Because of the different fields of view and angles during scanning, a given mineral particle can have different positions in QEMSCAN and MAPS images, so the two images cannot be directly used for comparison and correction. Thus, registering and alignment of QEMSCAN and MAPS images are required. The alignment methods are applied to the high-precision backscattering MAPS imagery during mineral quantification analysis of each mineral to carry out calibration and correction.

For QEMSCAN and MAPS images, the differences between the two are mainly translational and rotational, namely, rigid body motion (Figure 2). Therefore, affine transformation can conduct image registration. Generally, parameters related to Equation (2) were selected for point characterization through affine transformation.

$$\{\begin{array}{c}{x}^{\prime }=xcos\theta -ysin\theta +t_x\\ y^{\prime }=ycos\theta +xsin\theta +t_y\end{array},$$

(2)

where (x, y) represents the original starting point coordinates, (x′, y′) refers to the point coordinates following affine transformation, (t_x, t_y) are translation vectors, and $\theta$ is the rotation angle.

3.3. Mineral Correction

Once QEMSCAN and MAPS images are aligned, MAPS imaging has the capability of conducting feature recognition and correction on various minerals.
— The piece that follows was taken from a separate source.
(* Let $(\Re, S, V)$ be a $V$-complete vector $S$-metric space, where $V$ is Archimedean. Let $K:\Re\to\Re$ be a continuous map and let $f:\Re\to\Re$ be a map commuting with $K$ (i.e. $fK=Kf$). Suppose: (a) $f(\Re)\subseteq K(\Re)$; (b) there is a constant $q\in[0,\tfrac13)$ such that for all $x,y\in\Re$, \[ S(fx,fx,fy)\preceq q\,U(x,x,y) \] for some \[ U(x,x,y)\in\{S(Kx,Kx,Ky),\ S(Kx,Kx,fx),\ S(Ky,Ky,fy),\ S(Kx,Kx,fy),\ S(Ky,Ky,fx)\}; \] (c) $K(\Re)$ or $f(\Re)$ is $V$-complete as a subspace of $\Re$. Then $K$ and $f$ have a unique common fixed point.
   Context: A vector lattice (Riesz space) $V$ is a real vector space with a partial order $\preceq$ compatible with the linear structure ($p_1 \preceq p_2 \Rightarrow p_1+p_3 \preceq p_2+p_3$ and $\omega p_1 \preceq \omega p_2$ for real $\omega>0$) in which every two-element set has a supremum and an infimum. $V$ is Archimedean if $\inf\{\tfrac{1}{m}v : m \in \mathbb{N}\} = 0$ for every $v \in V^+=\{v\in V: v\succeq 0\}$. For a sequence $(\mu_n)$ in $V$, $\mu_n \downarrow 0$ means $(\mu_n)$ is decreasing with $\inf_n \mu_n = 0$. A vector $S$-metric on a nonempty set $\Re$ is a map $S:\Re\times\Re\times\Re\to V$ such that for all $x,y,z,a\in\Re$: (a) $S(x,y,z)\succeq 0$; (b) $S(x,y,z)=0$ iff $x=y=z$; (c) $S(x,y,z)\preceq S(x,y,a)+S(y,y,a)+S(z,z,a)$. The triple $(\Re,S,V)$ is a vector $S$-metric space. A sequence $(x_n)$ in $\Re$ $V$-converges to $x\in\Re$ (written $x_n \xrightarrow{S,V} x$) if there is a sequence $(\mu_n)$ in $V$ with $\mu_n\downarrow 0$ and $S(x_n,x_n,x)\preceq \mu_n$ for all $n$. It is $V$-Cauchy if there is $(\mu_n)$ in $V$ with $\mu_n\downarrow 0$ and $S(x_n,x_n,x_{n+q})\preceq\mu_n$ for all $n$ and all $q$. The space (or a subset of it) is $V$-complete if every $V$-Cauchy sequence in it $V$-converges to a limit in it. A map $K:\Re\to\Re$ is continuous if $x_n\xrightarrow{S,V}x$ implies $Kx_n\xrightarrow{S,V}Kx$. *)

theory Defs
  imports "HOL-Analysis.Analysis"
begin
Owing to the grayscale of MAPS images, the information mainly reflects the density characteristic of each pixel; thereby, the grayscale shade of each point on a MAPS image is reflective of the compositional density. For instance, dark to black areas mainly represent porosity or organic content in rocks, and, in general, porous sections appear lower on the grayscale. Lighter areas mainly represent high-density minerals in rocks, such as pyrite. As a result, greyscale information should provide the best visual determination of mineral type, through which the threshold method can be used for judgment. In addition, because most minerals are composed of some combination of Si, K, Na, Al, and Mg, the middle grayscale range (e.g., 100~200) included numerous mineral types. These minerals can have close grayscale values. Therefore, the grayscale information should be used in combination with other characteristics, such as the grayscale texture of the particular mineral, and the determination of mineral type. Based on this, mineral correction is performed through a combination of these characteristics and QEMSCAN mineral identification results.
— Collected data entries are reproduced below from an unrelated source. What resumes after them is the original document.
lemma convex_on_chord_le:
  fixes h :: "real \<Rightarrow> real"
  assumes cv: "convex_on I h" and x: "x \<in> I" and y: "y \<in> I"
    and c: "x \<le> c" "c \<le> y" and xy: "x < y"
  shows "h c * (y - x) \<le> (y - c) * h x + (c - x) * h y"
proof -
  define u where "u = (c - x) / (y - x)"
  have u: "0 \<le> u" "u \<le> 1" using c xy by (auto simp: u_def field_simps)
  have ux: "u * (y - x) = c - x" using xy by (simp add: u_def)
  then have "(1 - u) *\<^sub>R x + u *\<^sub>R y = c" by (simp add: algebra_simps)
  then have "h c \<le> (1 - u) * h x + u * h y" using convex_onD[OF cv u x y] by simp
  then have "h c * (y - x) \<le> ((1 - u) * h x + u * h y) * (y - x)"
    using xy by (intro mult_right_mono) auto
  also have "\<dots> = ((1 - u) * (y - x)) * h x + (u * (y - x)) * h y"
    by (simp add: algebra_simps)
  also have "(1 - u) * (y - x) = y - c" using ux by (simp add: algebra_simps)
  finally show ?thesis by (simp only: ux)
qed

lemma convex_on_antimono_below_minimum:
  fixes h :: "real \<Rightarrow> real"
  assumes cv: "convex_on I h" and m: "m \<in> I" "\<forall>t\<in>I. h m \<le> h t"
    and pq: "p \<in> I" "q \<in> I" "p \<le> q" "q \<le> m"
  shows "h q \<le> h p"
proof (cases "p < q \<and> q < m")
  case True
  have "(h p - h q) / (p - q) \<le> (h p - h m) / (p - m)"
    using convex_on_slope_le(1)[OF cv pq(1) m(1), of q] True by simp
  also have "\<dots> \<le> 0"
    using m pq True by (intro divide_nonneg_neg) auto
  finally show ?thesis using True by (simp add: divide_le_0_iff)
next
  case False
  then show ?thesis using m pq by auto
qed

lemma convex_on_mono_above_minimum:
  fixes h :: "real \<Rightarrow> real"
  assumes cv: "convex_on I h" and m: "m \<in> I" "\<forall>t\<in>I. h m \<le> h t"
    and pq: "p \<in> I" "q \<in> I" "m \<le> p" "p \<le> q"
  shows "h p \<le> h q"
proof (cases "m < p \<and> p < q")
  case True
  have "0 \<le> (h m - h q) / (m - q)"
    using m pq True by (intro divide_nonpos_neg) auto
  also have "\<dots> \<le> (h p - h q) / (p - q)"
    using convex_on_slope_le(2)[OF cv m(1) pq(2), of p] True by simp
  finally show ?thesis using True by (simp add: zero_le_divide_iff)
next
  case False
  then show ?thesis using m pq by auto
qed

lemma convex_on_hinge_minorant:
  fixes h :: "real \<Rightarrow> real"
  assumes cv: "convex_on I h" and nonneg: "\<forall>t\<in>I. 0 \<le> h t" and m: "m \<in> I" "h m = 0"
    and d: "0 < d" "m - d \<in> I" "m + d \<in> I" and t: "t \<in> I"
  shows "min (h (m - d)) (h (m + d)) / d * (\<bar>t - m\<bar> - d) \<le> h t"
proof -
  define c where "c = min (h (m - d)) (h (m + d)) / d"
  have c: "0 \<le> c" using nonneg d by (simp add: c_def)
  consider "\<bar>t - m\<bar> \<le> d" | "m + d < t" | "t < m - d" by linarith
  then have "c * (\<bar>t - m\<bar> - d) \<le> h t"
  proof cases
    case 1
    then have "c * (\<bar>t - m\<bar> - d) \<le> 0" using c by (intro mult_nonneg_nonpos) auto
    then show ?thesis using nonneg t by auto
  next
    case 2
    have "h (m + d) * (t - m) \<le> (t - (m + d)) * h m + (m + d - m) * h t"
      using convex_on_chord_le[OF cv m(1) t, of "m + d"] 2 d by simp
    then have chord: "h (m + d) * (t - m) \<le> d * h t" using m(2) by simp
    have "c * (\<bar>t - m\<bar> - d) \<le> c * (t - m)" using 2 c d by (intro mult_left_mono) auto
    also have "\<dots> \<le> h (m + d) / d * (t - m)"
      using 2 d by (intro mult_right_mono) (auto simp: c_def intro!: divide_right_mono)
    also have "\<dots> \<le> h t" using chord d by (simp add: divide_le_eq mult.commute)
    finally show ?thesis .
  next
    case 3
    have "h (m - d) * (m - t) \<le> (m - (m - d)) * h t + (m - d - t) * h m"
      using convex_on_chord_le[OF cv t m(1), of "m - d"] 3 d by simp
    then have chord: "h (m - d) * (m - t) \<le> d * h t" using m(2) by simp
    have "c * (\<bar>t - m\<bar> - d) \<le> c * (m - t)" using 3 c d by (intro mult_left_mono) auto
    also have "\<dots> \<le> h (m - d) / d * (m - t)"
      using 3 d by (intro mult_right_mono) (auto simp: c_def intro!: divide_right_mono)
    also have "\<dots> \<le> h t" using chord d by (simp add: divide_le_eq mult.commute)
    finally show ?thesis .
  qed
  then show ?thesis by (simp add: c_def)
qed

lemma strictly_convex_on_exceeds_supporting_line:
  assumes sc: "strictly_convex_on S f" and x: "x \<in> S" "x + d \<in> S" and d: "d \<noteq> 0"
    and mid: "f x + s * (d / 2) \<le> f (x + d / 2)"
  shows "f x + s * d < f (x + d)"
proof -
  have chord: "f (u * x + (1 - u) * (x + d)) < u * f x + (1 - u) * f (x + d)"
    if "0 < u" "u < 1" for u
    using sc x d that unfolding strictly_convex_on_def by auto
  have "f ((1 / 2) * x + (1 - 1 / 2) * (x + d)) < (1 / 2) * f x + (1 - 1 / 2) * f (x + d)"
    by (rule chord) auto
  moreover have "(1 / 2) * x + (1 - 1 / 2) * (x + d) = x + d / 2" by (simp add: field_simps)
  ultimately have "f (x + d / 2) < (1 / 2) * f x + (1 - 1 / 2) * f (x + d)" by metis
  then have "2 * f (x + d / 2) < f x + f (x + d)" by simp
  moreover have "s * d = 2 * (s * (d / 2))" by simp
  ultimately show ?thesis using mid by linarith
qed

lemma mono_tendsto_at_left_ereal:
  fixes g :: "real \<Rightarrow> ereal"
  assumes xy: "x < y" and mono: "\<And>p q. x < p \<Longrightarrow> p \<le> q \<Longrightarrow> q < y \<Longrightarrow> g p \<le> g q"
  shows "\<exists>L. (g \<longlongrightarrow> L) (at_left y)"
proof -
  have "(g \<longlongrightarrow> Sup (g ` ({..<y} \<inter> {x<..}))) (at y within ({..<y} \<inter> {x<..}))"
    by (rule Lim_left_bound[where K = \<infinity>]) (auto intro: mono)
  moreover have "at y within ({..<y} \<inter> {x<..}) = at_left y"
    by (rule at_within_nhd[of y "{x<..}"]) (use xy in auto)
  ultimately show ?thesis by auto
qed

lemma antimono_tendsto_at_right_ereal:
  fixes g :: "real \<Rightarrow> ereal"
  assumes xy: "x < y" and antimono: "\<And>p q. x < p \<Longrightarrow> p \<le> q \<Longrightarrow> q < y \<Longrightarrow> g q \<le> g p"
  shows "\<exists>L. (g \<longlongrightarrow> L) (at_right x)"
proof -
  have "\<exists>L. ((\<lambda>t. g (- t)) \<longlongrightarrow> L) (at_left (- x))"
    using xy by (intro mono_tendsto_at_left_ereal[of "- y"]) (auto intro: antimono)
  then show ?thesis by (simp add: filterlim_at_left_to_right)
qed

lemma tendsto_ereal_add_convergent:
  fixes h g :: "'a \<Rightarrow> real"
  assumes h: "((\<lambda>t. ereal (h t)) \<longlongrightarrow> L) F" and F: "F \<noteq> bot"
    and nonneg: "eventually (\<lambda>t. 0 \<le> h t) F" and g: "(g \<longlongrightarrow> l) F"
  shows "\<exists>L'. ((\<lambda>t. ereal (h t + g t)) \<longlongrightarrow> L') F"
proof -
  have "0 \<le> L"
    using nonneg by (intro tendsto_lowerbound[OF h _ F]) (auto elim: eventually_mono)
  then have "((\<lambda>t. ereal (h t) + ereal (g t)) \<longlongrightarrow> L + ereal l) F"
    by (intro tendsto_add_ereal_nonneg h tendsto_ereal g) auto
  then show ?thesis by auto
qed

lemma F1_mem_ioo_below_one: "F1 a b f \<Longrightarrow> a < ereal t \<Longrightarrow> t \<le> 1 \<Longrightarrow> t \<in> ioo a b"
  using le_less_trans[of "ereal t" 1 b] by (auto simp: F1_def ioo_def one_ereal_def)

lemma F1_mem_ioo_above_one: "F1 a b f \<Longrightarrow> 1 \<le> t \<Longrightarrow> ereal t < b \<Longrightarrow> t \<in> ioo a b"
  using less_le_trans[of a 1 "ereal t"] by (auto simp: F1_def ioo_def one_ereal_def)

lemma F1_one_mem_ioo: "F1 a b f \<Longrightarrow> 1 \<in> ioo a b"
  by (rule F1_mem_ioo_below_one) (auto simp: F1_def one_ereal_def)

lemma open_ioo: "open (ioo a b)"
proof -
  have "ioo a b = ereal -` {a<..<b}" by (auto simp: ioo_def)
  then show ?thesis by (simp add: open_ereal_vimage)
qed

lemma F1_neighbourhood_of_one:
  assumes "F1 a b f"
  obtains r where "r > 0" "\<And>t. \<bar>t - 1\<bar> < r \<Longrightarrow> t \<in> ioo a b"
  using open_ioo[of a b] F1_one_mem_ioo[OF assms] unfolding open_real by blast

lemma F1_subgradient:
  assumes F: "F1 a b f"
  shows "\<exists>s. \<forall>t\<in>ioo a b. s * (t - 1) \<le> f t"
proof -
  obtain r where r: "r > 0" "\<And>t. \<bar>t - 1\<bar> < r \<Longrightarrow> t \<in> ioo a b"
    using F1_neighbourhood_of_one[OF F] by blast
  have "\<exists>s. \<forall>t\<in>ioo a b. f 1 + s * (t - 1) \<le> f t"
    using F r by (intro convex_on_real_subgradient[of _ _ _ "1 - r / 2" "1 + r / 2"])
      (auto simp: F1_def F1_one_mem_ioo)
  then show ?thesis using F by (simp add: F1_def)
qed

lemma F1_minus_supporting_line:
  assumes F: "F1 a b f" and sub: "\<forall>t\<in>ioo a b. s * (t - 1) \<le> f t"
  shows "convex_on (ioo a b) (\<lambda>t. f t - s * (t - 1))"
    and "\<forall>t\<in>ioo a b. 0 \<le> f t - s * (t - 1)" and "f 1 - s * (1 - 1) = 0"
  using F sub by (auto simp: F1_def intro: convex_on_diff_line)

text \<open>\<open>fext\<close> takes \<open>Lim\<close> at finite endpoints, which is junk unless the limit exists.\<close>

lemma F1_tendsto_at_lower_endpoint:
  assumes F: "F1 a b f" and a: "a = ereal x"
  shows "\<exists>L. ((\<lambda>t. ereal (f t)) \<longlongrightarrow> L) (at_right x)"
proof -
  obtain s where sub: "\<forall>t\<in>ioo a b. s * (t - 1) \<le> f t"
    using F1_subgradient[OF F] by blast
  define h where "h t = f t - s * (t - 1)" for t
  note h = F1_minus_supporting_line[OF F sub, folded h_def]
  have x1: "x < 1" using F a by (simp add: F1_def one_ereal_def)
  have I: "t \<in> ioo a b" if "x < t" "t \<le> 1" for t
    using F1_mem_ioo_below_one[OF F] that a by simp
  have "\<exists>L. ((\<lambda>t. ereal (h t)) \<longlongrightarrow> L) (at_right x)"
  proof (rule antimono_tendsto_at_right_ereal[OF x1])
    fix p q assume "x < p" "p \<le> q" "q < 1"
    then show "ereal (h q) \<le> ereal (h p)"
      using convex_on_antimono_below_minimum[OF h(1) F1_one_mem_ioo[OF F]] h(2,3) I by simp
  qed
  then obtain L where L: "((\<lambda>t. ereal (h t)) \<longlongrightarrow> L) (at_right x)" by blast
  have "eventually (\<lambda>t. 0 \<le> h t) (at_right x)"
    unfolding eventually_at_right[OF x1] using h(2) I x1 by auto
  moreover have "((\<lambda>t. s * (t - 1)) \<longlongrightarrow> s * (x - 1)) (at_right x)"
    by (intro tendsto_intros)
  ultimately have "\<exists>L'. ((\<lambda>t. ereal (h t + s * (t - 1))) \<longlongrightarrow> L') (at_right x)"
    by (intro tendsto_ereal_add_convergent[OF L]) auto
  then show ?thesis by (simp add: h_def)
qed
According to the aforementioned analyses, the correction of minerals should initially combine QEMSCAN and MAPS images mainly with mineral type data from a grayscale range. Correction should also be inclusive of the distribution of characteristics of various minerals, and comprehensive particle morphology. Specifically, minerals can be classified into the following categories, using different correction methods (

Table 1. Summary of the mineral types and correction methods.
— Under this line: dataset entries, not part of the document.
(* Let $\sigma_1,\sigma_2>0$, $\beta\in(0,1)$, $r\in(0,1)$ be fixed, and let $n\to\infty$ and $p\to\infty$ with $\log(n)/p\to0$. Set $\epsilon=n^{-\beta}$ and $A=\sqrt{2r\log n}$. Consider the testing problem for $n$ i.i.d. observations $\mathbf X_1,\dots,\mathbf X_n\in\mathbb R^p$: \[ H_0:\ \mathbf X_i\sim N(0\cdot\mathbf 1_p,\sigma_1^2\mathbf I_p),\qquad H_1:\ \mathbf X_i\sim(1-\epsilon)N(0\cdot\mathbf 1_p,\sigma_1^2\mathbf I_p)+\epsilon N(A\mathbf 1_p,\sigma_2^2\mathbf I_p),\quad 1\le i\le n. \] Then for the likelihood ratio test (rejecting $H_0$ when the likelihood ratio of $H_1$ to $H_0$ exceeds $1$), the sum of the type I and type II error probabilities tends to $0$.
   Context: $\mathbf 1_p$ is the all-ones vector in $\mathbb R^p$ and $\mathbf I_p$ the $p\times p$ identity; both hypotheses are simple (all parameters known). *)

theory Defs
  imports "HOL-Probability.Probability"
begin

text \<open>Density of N(mu * 1_p, sigma^2 I_p) on R^p, with R^p represented by
  functions nat => real restricted to the index set {..<p}.\<close>
definition gauss_vec_density :: "nat \<Rightarrow> real \<Rightarrow> real \<Rightarrow> (nat \<Rightarrow> real) \<Rightarrow> real" where
  "gauss_vec_density p mu sd x = (\<Prod>j<p. normal_density mu sd (x j))"

definition obs_space :: "nat \<Rightarrow> (nat \<Rightarrow> real) measure" where
  "obs_space p = PiM {..<p} (\<lambda>_. lborel)"
lemma lincomb_marked_in_both:
  "lincomb {((A, C), u). (A, C) \<in> exch_pairs S Y Z (Suc i) (Suc i) \<and> u \<in> A \<inter> C}
       (\<lambda>y. exch_coeff S Y Z (fst y)) (\<lambda>y. exch_target S Y Z (fst y)) p
     = (lincomb {((A, C), u). (A, C) \<in> exch_pairs S Y Z i i \<and> u \<in> (Y - C) \<inter> S}
         (\<lambda>y. exch_coeff S Y Z (fst y)) (\<lambda>y. exch_target S Y Z (fst y)) p :: 'k::ring_1)"
proof -
  let ?h = "\<lambda>((A, C), u). ((A - {u}, C - {u}), u)"
  have "bij_betw ?h {((A, C), u). (A, C) \<in> exch_pairs S Y Z (Suc i) (Suc i) \<and> u \<in> A \<inter> C}
      {((A, C), u). (A, C) \<in> exch_pairs S Y Z i i \<and> u \<in> (Y - C) \<inter> S}"
  proof (rule bij_betw_byWitness[where f'="\<lambda>((A, C), u). ((insert u A, insert u C), u)"])
    show "?h ` {((A, C), u). (A, C) \<in> exch_pairs S Y Z (Suc i) (Suc i) \<and> u \<in> A \<inter> C}
        \<subseteq> {((A, C), u). (A, C) \<in> exch_pairs S Y Z i i \<and> u \<in> (Y - C) \<inter> S}"
      by (auto dest: exch_pairs_remove_both)
    show "(\<lambda>((A, C), u). ((insert u A, insert u C), u)) `
        {((A, C), u). (A, C) \<in> exch_pairs S Y Z i i \<and> u \<in> (Y - C) \<inter> S}
        \<subseteq> {((A, C), u). (A, C) \<in> exch_pairs S Y Z (Suc i) (Suc i) \<and> u \<in> A \<inter> C}"
      by (auto dest: exch_pairs_insert_both)
    show "\<forall>y\<in>{((A, C), u). (A, C) \<in> exch_pairs S Y Z i i \<and> u \<in> (Y - C) \<inter> S}.
        ?h ((\<lambda>((A, C), u). ((insert u A, insert u C), u)) y) = y"
      by (auto dest: exch_pairs_insert_both)
  qed (auto simp: insert_absorb)
  then have "lincomb {((A, C), u). (A, C) \<in> exch_pairs S Y Z (Suc i) (Suc i) \<and> u \<in> A \<inter> C}
      (\<lambda>y. exch_coeff S Y Z (fst y) :: 'k) (\<lambda>y. exch_target S Y Z (fst y))
    = lincomb {((A, C), u). (A, C) \<in> exch_pairs S Y Z i i \<and> u \<in> (Y - C) \<inter> S}
      (\<lambda>y. exch_coeff S Y Z (fst y)) (\<lambda>y. exch_target S Y Z (fst y))"
  proof (rule lincomb_reindex)
    fix y assume "y \<in> {((A, C), u). (A, C) \<in> exch_pairs S Y Z (Suc i) (Suc i) \<and> u \<in> A \<inter> C}"
    then obtain A C u where y: "y = ((A, C), u)" and AC: "(A, C) \<in> exch_pairs S Y Z (Suc i) (Suc i)"
      and u: "u \<in> A" "u \<in> C"
      by auto
    have AC': "A - {u} \<subseteq> S" "C - {u} \<subseteq> Y" "u \<in> S" "u \<in> Y" "u \<notin> Z" "card (A - {u}) = card (C - {u})"
      using AC u by (auto elim!: exch_pairsE)
    have "even (exch_exp S Y Z (insert u (A - {u})) (insert u (C - {u}))) \<longleftrightarrow> even (exch_exp S Y Z (A - {u}) (C - {u}))"
      using AC' by (intro even_exch_exp_insert_both[OF finite_S finite_Y finite_Z]) auto
    then have "(-1 :: 'k) ^ exch_exp S Y Z A C = (-1) ^ exch_exp S Y Z (A - {u}) (C - {u})"
      using u by (intro minus_one_power_parity_eq) (simp add: insert_absorb)
    then show "exch_coeff S Y Z (fst y) = (exch_coeff S Y Z (fst (?h y)) :: 'k)"
      by (simp add: y exch_coeff_def)
    show "exch_target S Y Z (fst y) = exch_target S Y Z (fst (?h y))"
      using u AC' by (auto simp: y exch_target_def)
  qed
  then show ?thesis by simp
qed

lemma theta1_exch:
  "theta1 n a b (exch S Y Z i (Suc i)) p
     = (-1) ^ i * (of_nat (k - i) * exch S Y Z i i p - of_nat (Suc i) * (exch S Y Z (Suc i) (Suc i) p :: 'k::field))"
proof -
  let ?L = "\<lambda>I. lincomb I (\<lambda>y. exch_coeff S Y Z (fst y) :: 'k) (\<lambda>y. exch_target S Y Z (fst y)) p"
  let ?A1 = "{((A, C), u). (A, C) \<in> exch_pairs S Y Z (Suc i) (Suc i) \<and> u \<in> A - C}"
  let ?A2 = "{((A, C), u). (A, C) \<in> exch_pairs S Y Z (Suc i) (Suc i) \<and> u \<in> A \<inter> C}"
  let ?Y1 = "{((A, C), u). (A, C) \<in> exch_pairs S Y Z i i \<and> u \<in> Y - (C \<union> S)}"
  let ?Y2 = "{((A, C), u). (A, C) \<in> exch_pairs S Y Z i i \<and> u \<in> (Y - C) \<inter> S}"
  have A_split: "marked_in_A (Suc i) = ?A1 \<union> ?A2" and Y_split: "marked_in_Y i = ?Y1 \<union> ?Y2"
    by (auto simp: marked_in_A_def marked_in_Y_def)
  have fin: "finite (moves_from_S i)" "finite (moves_from_C i)" "finite ?A1" "finite ?A2" "finite ?Y1" "finite ?Y2"
    using finite_moves[of i] finite_marked_in_A[of "Suc i"] finite_marked_in_Y[of i]
    unfolding moves_eq_Un A_split Y_split by auto
  have moves: "theta1 n a b (exch S Y Z i (Suc i)) p = (-1) ^ Suc i * ?L ?A1 + (-1) ^ i * ?L ?Y1"
  proof -
    have disj: "moves_from_S i \<inter> moves_from_C i = {}" by (auto simp: moves_from_S_def moves_from_C_def)
    show ?thesis
      unfolding theta1_exch_eq_moves moves_eq_Un lincomb_Un_disjoint[OF fin(1,2) disj]
        lincomb_moves_from_S lincomb_moves_from_C ..
  qed
  have marked_A: "of_nat (Suc i) * exch S Y Z (Suc i) (Suc i) p = ?L ?A1 + ?L ?A2"
    unfolding lincomb_marked_in_A[symmetric] A_split by (rule lincomb_Un_disjoint) (use fin in auto)
  have marked_Y: "of_nat (k - i) * exch S Y Z i i p = ?L ?Y1 + ?L ?Y2"
    unfolding lincomb_marked_in_Y[symmetric] Y_split by (rule lincomb_Un_disjoint) (use fin in auto)
  show ?thesis
    unfolding moves marked_A marked_Y lincomb_marked_in_both by (simp add: algebra_simps)
qed

end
Type	Characteristics	Method	Representative Minerals and Components
Ⅰ	Obvious grayscale features	MAPS image threshold segmentation + particle expansion	Organic matter, pores, pyrite
Ⅱ	Relatively dispersed particles; good particle profile morphology; minimal overlap with other minerals during thresholding	MAPS image threshold segmentation + morphology + particle expansion	Apatite, rutile, siderite
Ⅲ	High component content; good profile morphology; uniform grayscale texture; easy overlap with other minerals during thresholding	Variance and other texture feature extraction + morphology + particle expansion	Quartz; feldspar
Ⅳ	Wide grayscale range; no solid morphology; wide distribution; high component/mineral content	1. QEMSCAN image outlier filtering	Illite, kaolinite
		2. Multiple thresholds + morphology
Ⅴ	Low mineral content; wide grayscale range or high grayscale ratio; good particle morphology	1. QEMSCAN image outlier filtering	Dolomite, calcite
		2. Particle expansion

):

Type I: Compositions with distinct grayscale features; threshold segmentation can be directly conducted on MAPS grayscale images to classify components or minerals, such as those having organic material, pores, and pyrite. At the same time, because segmentation along edges typically has one grayscale gradient band, other targets require certain expansion operations after thresholding to restore the objective of determining the actual morphology.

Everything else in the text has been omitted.